■ **Assignment**:
Nothing but the lines from the one containing "v n \<inter>" through the end of the data below may appear in the response, each one exact.

(Extracted records)
* * * * * * * * *

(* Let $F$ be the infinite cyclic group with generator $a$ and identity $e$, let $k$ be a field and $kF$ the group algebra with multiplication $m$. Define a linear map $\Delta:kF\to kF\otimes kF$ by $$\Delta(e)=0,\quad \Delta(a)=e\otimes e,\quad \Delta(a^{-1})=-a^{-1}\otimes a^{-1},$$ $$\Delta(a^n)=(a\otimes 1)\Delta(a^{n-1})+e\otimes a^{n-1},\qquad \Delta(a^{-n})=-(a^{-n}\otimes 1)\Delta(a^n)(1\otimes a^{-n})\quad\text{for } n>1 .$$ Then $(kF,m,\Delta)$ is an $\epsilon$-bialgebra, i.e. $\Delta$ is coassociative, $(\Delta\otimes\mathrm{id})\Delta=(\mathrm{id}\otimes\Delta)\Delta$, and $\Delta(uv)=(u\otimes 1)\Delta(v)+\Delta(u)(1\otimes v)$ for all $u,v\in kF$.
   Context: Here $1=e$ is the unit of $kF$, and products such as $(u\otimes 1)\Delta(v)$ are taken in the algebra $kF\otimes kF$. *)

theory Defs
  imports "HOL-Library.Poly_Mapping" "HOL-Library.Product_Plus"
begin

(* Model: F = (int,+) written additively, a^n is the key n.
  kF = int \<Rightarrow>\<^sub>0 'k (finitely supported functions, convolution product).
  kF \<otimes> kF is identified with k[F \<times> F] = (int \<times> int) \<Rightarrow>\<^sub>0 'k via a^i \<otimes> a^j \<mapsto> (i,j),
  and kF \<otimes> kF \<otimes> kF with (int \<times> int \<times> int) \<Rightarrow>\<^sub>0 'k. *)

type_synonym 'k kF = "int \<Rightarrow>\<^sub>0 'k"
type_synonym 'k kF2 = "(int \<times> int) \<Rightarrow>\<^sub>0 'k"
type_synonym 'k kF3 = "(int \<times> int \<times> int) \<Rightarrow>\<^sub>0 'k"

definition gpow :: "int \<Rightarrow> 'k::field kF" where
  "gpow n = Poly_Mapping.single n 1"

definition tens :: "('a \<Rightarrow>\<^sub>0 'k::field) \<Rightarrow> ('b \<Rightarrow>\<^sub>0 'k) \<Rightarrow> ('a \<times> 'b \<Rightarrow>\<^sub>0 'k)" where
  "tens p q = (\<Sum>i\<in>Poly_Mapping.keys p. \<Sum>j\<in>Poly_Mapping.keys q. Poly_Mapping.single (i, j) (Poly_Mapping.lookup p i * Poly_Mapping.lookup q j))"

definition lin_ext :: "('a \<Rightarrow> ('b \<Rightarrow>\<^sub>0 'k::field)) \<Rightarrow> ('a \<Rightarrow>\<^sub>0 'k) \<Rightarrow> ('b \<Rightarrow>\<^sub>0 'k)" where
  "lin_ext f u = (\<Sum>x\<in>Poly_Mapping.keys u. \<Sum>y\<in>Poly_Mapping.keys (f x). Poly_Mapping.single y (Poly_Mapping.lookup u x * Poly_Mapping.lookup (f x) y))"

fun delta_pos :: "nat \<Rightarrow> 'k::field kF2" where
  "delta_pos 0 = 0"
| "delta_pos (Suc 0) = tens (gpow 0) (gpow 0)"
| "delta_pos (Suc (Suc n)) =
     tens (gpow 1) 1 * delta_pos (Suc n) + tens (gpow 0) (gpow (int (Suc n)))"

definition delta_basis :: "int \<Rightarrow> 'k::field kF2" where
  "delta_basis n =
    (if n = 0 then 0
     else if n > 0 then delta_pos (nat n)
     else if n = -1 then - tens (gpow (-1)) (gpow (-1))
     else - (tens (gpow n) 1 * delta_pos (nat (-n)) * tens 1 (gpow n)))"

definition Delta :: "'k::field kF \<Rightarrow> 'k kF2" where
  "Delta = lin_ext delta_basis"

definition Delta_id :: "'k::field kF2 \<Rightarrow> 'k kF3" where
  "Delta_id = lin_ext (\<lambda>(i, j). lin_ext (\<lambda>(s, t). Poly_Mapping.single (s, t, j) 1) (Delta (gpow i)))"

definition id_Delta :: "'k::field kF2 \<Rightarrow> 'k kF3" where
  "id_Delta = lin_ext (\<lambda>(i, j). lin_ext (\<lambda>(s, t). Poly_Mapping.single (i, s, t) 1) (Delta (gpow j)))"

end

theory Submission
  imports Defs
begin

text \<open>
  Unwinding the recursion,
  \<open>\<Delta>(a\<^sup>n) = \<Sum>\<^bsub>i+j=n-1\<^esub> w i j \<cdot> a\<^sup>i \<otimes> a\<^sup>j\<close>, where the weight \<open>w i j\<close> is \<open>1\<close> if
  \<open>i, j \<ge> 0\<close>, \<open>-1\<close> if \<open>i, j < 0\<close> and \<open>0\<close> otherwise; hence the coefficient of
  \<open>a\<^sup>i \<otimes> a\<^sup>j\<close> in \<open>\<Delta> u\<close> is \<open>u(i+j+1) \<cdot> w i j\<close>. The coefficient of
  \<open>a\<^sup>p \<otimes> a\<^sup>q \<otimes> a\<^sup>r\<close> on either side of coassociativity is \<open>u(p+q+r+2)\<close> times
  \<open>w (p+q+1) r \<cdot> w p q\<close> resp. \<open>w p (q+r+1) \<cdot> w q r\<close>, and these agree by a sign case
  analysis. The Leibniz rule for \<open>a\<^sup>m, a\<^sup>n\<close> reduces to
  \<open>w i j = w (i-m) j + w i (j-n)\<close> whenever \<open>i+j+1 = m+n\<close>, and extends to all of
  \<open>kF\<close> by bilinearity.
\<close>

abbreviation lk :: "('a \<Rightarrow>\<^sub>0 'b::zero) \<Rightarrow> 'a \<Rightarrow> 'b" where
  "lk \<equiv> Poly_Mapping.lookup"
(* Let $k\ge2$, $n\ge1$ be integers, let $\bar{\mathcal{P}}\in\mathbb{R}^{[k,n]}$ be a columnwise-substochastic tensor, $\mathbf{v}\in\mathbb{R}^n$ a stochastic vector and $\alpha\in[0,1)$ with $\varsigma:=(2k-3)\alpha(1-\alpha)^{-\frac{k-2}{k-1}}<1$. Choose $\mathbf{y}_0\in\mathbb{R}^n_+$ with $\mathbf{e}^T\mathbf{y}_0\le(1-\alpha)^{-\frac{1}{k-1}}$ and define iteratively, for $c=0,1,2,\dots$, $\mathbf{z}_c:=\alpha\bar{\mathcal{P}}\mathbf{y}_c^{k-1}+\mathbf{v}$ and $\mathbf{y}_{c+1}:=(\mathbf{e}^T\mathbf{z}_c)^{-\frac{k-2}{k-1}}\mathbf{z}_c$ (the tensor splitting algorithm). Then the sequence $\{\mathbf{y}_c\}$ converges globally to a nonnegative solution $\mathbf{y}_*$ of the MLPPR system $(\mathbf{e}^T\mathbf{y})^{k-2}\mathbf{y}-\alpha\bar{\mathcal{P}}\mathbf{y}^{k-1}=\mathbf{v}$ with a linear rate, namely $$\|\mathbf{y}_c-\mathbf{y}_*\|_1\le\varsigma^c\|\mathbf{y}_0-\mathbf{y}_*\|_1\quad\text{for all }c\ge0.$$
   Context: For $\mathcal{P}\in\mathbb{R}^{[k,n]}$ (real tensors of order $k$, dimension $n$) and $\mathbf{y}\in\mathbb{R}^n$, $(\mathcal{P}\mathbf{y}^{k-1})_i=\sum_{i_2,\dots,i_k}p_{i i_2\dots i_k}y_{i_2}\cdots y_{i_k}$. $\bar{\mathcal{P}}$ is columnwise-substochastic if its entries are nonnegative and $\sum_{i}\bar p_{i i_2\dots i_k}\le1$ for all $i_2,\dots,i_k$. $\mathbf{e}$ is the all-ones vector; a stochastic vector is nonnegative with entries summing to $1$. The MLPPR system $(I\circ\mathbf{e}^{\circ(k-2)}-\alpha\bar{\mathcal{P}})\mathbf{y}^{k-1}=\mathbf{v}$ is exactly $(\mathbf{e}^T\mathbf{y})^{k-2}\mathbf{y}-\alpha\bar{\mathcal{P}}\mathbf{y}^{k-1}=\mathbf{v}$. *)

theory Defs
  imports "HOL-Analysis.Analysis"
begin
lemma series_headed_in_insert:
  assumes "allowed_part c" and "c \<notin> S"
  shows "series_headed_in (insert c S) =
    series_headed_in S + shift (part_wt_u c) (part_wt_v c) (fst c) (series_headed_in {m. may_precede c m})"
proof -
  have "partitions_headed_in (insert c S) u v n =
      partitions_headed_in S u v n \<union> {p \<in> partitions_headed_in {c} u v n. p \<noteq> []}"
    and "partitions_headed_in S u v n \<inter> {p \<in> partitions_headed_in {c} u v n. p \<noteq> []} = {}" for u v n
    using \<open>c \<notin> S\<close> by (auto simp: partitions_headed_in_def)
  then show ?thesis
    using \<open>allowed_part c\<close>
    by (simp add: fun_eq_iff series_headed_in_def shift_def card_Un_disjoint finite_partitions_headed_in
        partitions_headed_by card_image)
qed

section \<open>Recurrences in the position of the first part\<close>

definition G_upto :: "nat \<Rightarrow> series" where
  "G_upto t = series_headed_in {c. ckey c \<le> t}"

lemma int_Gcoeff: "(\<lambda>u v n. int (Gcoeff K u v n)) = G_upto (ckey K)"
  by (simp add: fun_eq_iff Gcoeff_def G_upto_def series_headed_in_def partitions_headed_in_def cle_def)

* * * * * * * * *

■ **Final answer**:
    and "partitions_headed_in S u v n \<inter> {p \<in> partitions_headed_in {c} u v n. p \<noteq> []} = {}" for u v n
    using \<open>c \<notin> S\<close> by (auto simp: partitions_headed_in_def)
  then show ?thesis
    using \<open>allowed_part c\<close>
    by (simp add: fun_eq_iff series_headed_in_def shift_def card_Un_disjoint finite_partitions_headed_in
        partitions_headed_by card_image)
qed

section \<open>Recurrences in the position of the first part\<close>

definition G_upto :: "nat \<Rightarrow> series" where
  "G_upto t = series_headed_in {c. ckey c \<le> t}"

lemma int_Gcoeff: "(\<lambda>u v n. int (Gcoeff K u v n)) = G_upto (ckey K)"
  by (simp add: fun_eq_iff Gcoeff_def G_upto_def series_headed_in_def partitions_headed_in_def cle_def)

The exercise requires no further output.